*WORK TO COMPLETE*:
Return only this: the line with "using q by (simp add: field_simps)" and all the lines that follow it below, through the final one, exactly as they are.

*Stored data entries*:
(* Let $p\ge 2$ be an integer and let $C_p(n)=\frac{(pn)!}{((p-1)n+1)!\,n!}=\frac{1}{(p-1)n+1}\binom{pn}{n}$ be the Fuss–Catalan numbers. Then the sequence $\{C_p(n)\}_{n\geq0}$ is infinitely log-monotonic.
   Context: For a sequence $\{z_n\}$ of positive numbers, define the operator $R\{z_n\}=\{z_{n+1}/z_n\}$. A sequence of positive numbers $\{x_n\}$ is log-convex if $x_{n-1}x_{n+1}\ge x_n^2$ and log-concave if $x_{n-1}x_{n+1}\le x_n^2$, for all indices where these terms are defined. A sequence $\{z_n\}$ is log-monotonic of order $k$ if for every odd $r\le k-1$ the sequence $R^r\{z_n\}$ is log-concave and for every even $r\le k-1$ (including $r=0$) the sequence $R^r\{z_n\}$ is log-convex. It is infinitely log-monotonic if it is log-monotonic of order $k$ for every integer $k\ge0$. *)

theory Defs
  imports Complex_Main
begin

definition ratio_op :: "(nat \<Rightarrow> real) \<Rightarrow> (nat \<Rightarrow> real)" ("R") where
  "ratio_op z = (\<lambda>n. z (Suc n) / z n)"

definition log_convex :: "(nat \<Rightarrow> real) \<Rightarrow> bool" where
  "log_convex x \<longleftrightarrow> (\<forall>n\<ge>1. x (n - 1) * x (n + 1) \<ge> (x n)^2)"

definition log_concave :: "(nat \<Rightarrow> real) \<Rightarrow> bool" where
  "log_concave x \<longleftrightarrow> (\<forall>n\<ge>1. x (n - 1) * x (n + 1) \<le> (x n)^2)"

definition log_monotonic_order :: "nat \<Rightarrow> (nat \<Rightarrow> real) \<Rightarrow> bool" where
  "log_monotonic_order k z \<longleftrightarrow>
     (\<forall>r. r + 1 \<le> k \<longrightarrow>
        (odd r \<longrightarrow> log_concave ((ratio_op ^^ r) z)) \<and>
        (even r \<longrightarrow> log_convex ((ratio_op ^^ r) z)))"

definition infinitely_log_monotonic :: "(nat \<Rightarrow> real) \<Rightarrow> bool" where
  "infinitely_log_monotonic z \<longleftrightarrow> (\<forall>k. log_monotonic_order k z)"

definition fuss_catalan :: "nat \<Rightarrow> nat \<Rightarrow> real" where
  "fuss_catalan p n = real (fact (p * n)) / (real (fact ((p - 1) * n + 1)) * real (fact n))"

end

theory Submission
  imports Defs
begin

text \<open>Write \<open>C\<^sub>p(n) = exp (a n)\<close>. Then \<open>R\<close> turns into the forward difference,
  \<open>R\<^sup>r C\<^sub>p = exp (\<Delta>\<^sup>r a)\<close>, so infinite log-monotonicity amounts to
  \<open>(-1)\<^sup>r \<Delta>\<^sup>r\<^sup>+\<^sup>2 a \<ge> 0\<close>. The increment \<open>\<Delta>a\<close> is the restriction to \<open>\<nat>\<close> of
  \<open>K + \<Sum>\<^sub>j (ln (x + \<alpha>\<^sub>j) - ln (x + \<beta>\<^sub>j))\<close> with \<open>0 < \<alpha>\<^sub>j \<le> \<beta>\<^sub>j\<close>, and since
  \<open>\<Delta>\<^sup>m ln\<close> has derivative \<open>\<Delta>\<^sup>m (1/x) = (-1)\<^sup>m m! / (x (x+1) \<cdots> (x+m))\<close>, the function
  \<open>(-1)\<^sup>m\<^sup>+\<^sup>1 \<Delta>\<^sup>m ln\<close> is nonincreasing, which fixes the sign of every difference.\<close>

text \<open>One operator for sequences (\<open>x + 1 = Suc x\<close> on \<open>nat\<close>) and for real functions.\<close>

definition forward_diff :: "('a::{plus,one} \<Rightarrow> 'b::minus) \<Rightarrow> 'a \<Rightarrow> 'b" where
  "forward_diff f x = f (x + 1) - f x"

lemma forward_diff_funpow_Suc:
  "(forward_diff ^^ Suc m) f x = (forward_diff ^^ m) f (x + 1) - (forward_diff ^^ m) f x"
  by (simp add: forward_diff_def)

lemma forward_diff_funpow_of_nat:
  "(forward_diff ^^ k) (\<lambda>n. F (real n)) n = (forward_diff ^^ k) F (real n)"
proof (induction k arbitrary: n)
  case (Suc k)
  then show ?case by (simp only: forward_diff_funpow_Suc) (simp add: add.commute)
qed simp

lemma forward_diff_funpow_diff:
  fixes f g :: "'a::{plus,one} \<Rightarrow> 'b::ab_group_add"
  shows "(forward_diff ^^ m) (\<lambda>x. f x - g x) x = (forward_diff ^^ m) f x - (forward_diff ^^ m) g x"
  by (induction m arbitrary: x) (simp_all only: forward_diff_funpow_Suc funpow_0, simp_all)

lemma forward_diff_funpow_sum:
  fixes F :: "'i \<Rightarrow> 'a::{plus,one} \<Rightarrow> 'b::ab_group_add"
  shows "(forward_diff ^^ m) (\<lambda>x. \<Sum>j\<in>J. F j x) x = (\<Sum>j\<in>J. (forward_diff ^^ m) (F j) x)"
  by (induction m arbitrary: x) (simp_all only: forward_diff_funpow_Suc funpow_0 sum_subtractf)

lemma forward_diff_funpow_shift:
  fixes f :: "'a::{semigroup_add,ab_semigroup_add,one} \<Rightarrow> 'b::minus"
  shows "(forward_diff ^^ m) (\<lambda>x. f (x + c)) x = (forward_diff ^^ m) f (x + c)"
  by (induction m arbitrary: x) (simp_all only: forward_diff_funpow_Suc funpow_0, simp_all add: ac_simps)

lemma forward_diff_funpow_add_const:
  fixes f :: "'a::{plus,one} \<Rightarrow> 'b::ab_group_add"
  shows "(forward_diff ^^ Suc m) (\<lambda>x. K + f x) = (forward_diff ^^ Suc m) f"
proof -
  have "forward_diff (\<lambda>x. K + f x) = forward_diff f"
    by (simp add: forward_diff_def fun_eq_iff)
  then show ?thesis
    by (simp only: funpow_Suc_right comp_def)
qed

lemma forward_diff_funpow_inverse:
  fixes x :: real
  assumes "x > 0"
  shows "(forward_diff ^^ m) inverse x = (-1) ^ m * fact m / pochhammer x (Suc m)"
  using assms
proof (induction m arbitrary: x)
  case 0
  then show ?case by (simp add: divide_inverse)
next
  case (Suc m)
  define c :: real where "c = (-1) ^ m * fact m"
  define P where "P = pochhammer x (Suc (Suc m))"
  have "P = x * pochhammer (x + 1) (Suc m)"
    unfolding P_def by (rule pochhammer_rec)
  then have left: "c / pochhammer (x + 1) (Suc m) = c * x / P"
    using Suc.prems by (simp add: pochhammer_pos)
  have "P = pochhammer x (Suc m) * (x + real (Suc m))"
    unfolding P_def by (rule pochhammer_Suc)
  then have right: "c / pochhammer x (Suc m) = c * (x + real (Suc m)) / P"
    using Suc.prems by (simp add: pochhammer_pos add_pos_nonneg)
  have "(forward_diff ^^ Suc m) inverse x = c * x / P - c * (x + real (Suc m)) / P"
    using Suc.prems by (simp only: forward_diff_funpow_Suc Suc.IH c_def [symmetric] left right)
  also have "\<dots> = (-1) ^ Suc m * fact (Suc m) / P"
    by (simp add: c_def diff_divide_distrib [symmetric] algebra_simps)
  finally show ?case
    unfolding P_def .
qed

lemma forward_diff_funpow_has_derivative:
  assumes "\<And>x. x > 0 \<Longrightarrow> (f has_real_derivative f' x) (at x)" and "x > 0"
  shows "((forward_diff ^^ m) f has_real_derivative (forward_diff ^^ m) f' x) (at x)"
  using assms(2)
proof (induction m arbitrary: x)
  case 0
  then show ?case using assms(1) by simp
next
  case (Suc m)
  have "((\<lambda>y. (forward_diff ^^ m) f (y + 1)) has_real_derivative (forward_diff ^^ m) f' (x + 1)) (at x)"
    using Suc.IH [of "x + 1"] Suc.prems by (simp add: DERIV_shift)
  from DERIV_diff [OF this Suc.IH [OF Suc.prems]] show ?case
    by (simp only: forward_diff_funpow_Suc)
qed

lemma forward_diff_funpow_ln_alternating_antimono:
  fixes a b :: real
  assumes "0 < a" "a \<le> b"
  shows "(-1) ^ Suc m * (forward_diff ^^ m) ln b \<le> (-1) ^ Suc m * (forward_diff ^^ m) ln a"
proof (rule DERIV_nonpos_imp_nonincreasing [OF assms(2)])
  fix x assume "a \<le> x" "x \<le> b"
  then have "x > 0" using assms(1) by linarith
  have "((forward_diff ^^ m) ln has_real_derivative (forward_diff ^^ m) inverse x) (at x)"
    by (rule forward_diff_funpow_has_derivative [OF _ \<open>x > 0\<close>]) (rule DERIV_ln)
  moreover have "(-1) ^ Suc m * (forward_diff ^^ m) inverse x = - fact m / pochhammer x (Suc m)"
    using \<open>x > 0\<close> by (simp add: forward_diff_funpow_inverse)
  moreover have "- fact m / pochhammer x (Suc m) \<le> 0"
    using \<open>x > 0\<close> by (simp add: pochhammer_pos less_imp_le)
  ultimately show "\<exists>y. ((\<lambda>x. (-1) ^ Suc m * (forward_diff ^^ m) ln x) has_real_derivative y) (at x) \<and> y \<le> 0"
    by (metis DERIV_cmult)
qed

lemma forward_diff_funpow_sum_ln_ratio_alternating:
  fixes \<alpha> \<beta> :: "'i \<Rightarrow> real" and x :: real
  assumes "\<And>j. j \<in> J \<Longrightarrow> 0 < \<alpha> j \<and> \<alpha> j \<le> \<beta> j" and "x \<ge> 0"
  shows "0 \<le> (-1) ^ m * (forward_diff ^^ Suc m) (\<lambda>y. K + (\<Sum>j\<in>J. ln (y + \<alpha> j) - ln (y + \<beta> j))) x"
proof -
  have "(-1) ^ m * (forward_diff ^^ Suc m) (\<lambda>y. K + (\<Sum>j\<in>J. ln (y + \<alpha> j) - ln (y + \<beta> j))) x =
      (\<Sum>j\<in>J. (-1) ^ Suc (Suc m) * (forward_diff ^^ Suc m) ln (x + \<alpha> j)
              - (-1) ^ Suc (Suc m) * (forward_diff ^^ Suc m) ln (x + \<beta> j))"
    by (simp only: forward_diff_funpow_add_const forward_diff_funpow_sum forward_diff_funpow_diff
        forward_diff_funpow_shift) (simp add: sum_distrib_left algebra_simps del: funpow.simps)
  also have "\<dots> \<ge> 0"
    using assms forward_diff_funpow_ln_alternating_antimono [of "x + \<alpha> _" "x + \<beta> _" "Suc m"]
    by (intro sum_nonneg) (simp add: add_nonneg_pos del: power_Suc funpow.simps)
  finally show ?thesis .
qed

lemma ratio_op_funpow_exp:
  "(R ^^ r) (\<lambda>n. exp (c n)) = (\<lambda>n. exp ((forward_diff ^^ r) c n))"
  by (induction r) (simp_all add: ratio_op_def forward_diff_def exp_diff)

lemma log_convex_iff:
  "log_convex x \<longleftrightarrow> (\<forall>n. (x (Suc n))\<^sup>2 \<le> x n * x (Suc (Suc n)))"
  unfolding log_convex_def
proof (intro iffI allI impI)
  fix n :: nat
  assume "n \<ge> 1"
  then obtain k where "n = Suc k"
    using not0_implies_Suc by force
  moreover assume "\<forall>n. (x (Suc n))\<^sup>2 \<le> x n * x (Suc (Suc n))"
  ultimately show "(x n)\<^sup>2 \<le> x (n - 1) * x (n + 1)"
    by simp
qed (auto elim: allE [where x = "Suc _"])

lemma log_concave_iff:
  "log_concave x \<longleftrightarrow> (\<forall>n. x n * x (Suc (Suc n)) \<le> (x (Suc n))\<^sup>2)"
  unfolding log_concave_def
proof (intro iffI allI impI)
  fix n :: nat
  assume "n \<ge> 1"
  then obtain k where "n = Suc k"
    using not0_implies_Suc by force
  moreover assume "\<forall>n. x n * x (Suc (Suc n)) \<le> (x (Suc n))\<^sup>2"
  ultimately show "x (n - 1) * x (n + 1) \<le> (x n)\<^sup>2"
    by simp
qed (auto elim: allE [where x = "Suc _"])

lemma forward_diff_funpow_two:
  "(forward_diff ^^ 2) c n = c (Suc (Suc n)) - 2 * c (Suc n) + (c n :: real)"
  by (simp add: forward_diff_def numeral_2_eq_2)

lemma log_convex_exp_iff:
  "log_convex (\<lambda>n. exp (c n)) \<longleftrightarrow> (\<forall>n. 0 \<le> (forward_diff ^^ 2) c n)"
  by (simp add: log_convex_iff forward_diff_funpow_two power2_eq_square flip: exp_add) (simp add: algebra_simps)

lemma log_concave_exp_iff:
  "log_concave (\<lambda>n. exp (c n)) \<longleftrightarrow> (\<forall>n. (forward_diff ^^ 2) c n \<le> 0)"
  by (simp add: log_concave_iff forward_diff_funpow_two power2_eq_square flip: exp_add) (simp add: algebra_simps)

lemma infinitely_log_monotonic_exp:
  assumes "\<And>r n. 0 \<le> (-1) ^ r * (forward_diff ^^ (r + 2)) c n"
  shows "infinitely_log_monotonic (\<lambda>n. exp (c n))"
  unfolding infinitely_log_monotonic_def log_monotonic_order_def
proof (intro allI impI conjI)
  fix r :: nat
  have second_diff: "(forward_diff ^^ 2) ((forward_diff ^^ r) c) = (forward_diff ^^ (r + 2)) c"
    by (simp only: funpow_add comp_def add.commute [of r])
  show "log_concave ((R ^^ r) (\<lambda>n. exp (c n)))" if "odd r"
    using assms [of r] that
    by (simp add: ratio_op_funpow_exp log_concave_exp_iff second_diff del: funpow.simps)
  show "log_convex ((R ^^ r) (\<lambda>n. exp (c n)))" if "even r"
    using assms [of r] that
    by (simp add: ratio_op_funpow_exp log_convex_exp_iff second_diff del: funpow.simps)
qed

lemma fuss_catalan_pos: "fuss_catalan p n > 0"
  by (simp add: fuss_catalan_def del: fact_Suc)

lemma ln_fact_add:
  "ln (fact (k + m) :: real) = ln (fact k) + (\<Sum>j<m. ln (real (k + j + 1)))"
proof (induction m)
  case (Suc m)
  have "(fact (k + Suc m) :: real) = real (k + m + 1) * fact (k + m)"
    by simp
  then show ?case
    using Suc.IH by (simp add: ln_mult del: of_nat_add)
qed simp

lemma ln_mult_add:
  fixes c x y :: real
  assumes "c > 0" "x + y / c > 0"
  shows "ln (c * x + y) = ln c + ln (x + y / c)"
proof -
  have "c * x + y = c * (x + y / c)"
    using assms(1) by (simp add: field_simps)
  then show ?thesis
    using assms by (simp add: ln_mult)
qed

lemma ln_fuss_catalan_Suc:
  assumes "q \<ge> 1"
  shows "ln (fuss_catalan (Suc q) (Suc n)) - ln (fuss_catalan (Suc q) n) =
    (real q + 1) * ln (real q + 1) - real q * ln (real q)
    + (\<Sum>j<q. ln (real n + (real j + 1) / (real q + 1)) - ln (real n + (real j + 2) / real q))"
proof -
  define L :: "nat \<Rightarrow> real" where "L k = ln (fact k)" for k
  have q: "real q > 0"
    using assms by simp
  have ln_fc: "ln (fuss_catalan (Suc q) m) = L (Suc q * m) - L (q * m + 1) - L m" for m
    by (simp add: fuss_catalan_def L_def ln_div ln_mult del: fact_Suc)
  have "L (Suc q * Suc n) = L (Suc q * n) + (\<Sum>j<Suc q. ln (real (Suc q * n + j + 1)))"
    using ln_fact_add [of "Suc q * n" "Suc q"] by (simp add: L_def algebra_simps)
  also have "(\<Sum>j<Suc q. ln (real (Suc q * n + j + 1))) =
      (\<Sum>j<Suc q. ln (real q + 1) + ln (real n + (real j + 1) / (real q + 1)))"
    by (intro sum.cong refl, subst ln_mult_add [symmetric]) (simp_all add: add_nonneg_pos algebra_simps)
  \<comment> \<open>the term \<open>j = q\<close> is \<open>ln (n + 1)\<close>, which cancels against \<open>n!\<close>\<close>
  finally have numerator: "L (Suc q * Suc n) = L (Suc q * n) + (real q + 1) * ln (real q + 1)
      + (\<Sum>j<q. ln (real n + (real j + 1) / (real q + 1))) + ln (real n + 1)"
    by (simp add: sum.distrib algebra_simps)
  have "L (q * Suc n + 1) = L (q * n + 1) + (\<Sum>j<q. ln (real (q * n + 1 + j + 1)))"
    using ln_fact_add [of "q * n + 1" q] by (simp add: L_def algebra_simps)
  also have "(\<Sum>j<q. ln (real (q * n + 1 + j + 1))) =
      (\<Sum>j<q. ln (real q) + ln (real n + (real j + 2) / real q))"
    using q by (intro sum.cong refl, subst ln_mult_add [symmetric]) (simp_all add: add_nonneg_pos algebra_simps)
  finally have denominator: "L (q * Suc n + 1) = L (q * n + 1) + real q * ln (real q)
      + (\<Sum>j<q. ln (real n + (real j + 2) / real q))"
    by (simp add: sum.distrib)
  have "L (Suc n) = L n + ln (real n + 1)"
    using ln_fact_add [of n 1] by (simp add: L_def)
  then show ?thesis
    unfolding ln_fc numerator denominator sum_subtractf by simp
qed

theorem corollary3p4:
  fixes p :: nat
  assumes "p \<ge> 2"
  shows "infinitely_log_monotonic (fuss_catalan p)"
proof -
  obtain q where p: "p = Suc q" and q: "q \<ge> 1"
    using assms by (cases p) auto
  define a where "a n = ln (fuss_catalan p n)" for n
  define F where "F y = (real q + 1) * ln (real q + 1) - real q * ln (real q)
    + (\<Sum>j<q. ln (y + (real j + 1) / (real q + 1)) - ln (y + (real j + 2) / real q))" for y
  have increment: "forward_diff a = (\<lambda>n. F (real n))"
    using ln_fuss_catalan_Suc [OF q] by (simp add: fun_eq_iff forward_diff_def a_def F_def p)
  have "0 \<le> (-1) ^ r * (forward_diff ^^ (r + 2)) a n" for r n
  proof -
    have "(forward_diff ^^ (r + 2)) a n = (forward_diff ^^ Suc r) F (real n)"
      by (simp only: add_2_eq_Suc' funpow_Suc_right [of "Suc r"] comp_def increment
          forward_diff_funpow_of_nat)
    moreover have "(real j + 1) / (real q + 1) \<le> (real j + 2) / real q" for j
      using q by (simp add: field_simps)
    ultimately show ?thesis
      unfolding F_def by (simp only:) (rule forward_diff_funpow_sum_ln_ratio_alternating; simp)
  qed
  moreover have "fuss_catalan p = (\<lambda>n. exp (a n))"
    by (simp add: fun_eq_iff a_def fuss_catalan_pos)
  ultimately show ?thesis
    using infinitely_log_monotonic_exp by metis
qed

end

*RESPONSE TO THE TASK*:
      using q by (simp add: field_simps)
    ultimately show ?thesis
      unfolding F_def by (simp only:) (rule forward_diff_funpow_sum_ln_ratio_alternating; simp)
  qed
  moreover have "fuss_catalan p = (\<lambda>n. exp (a n))"
    by (simp add: fun_eq_iff a_def fuss_catalan_pos)
  ultimately show ?thesis
    using infinitely_log_monotonic_exp by metis
qed

end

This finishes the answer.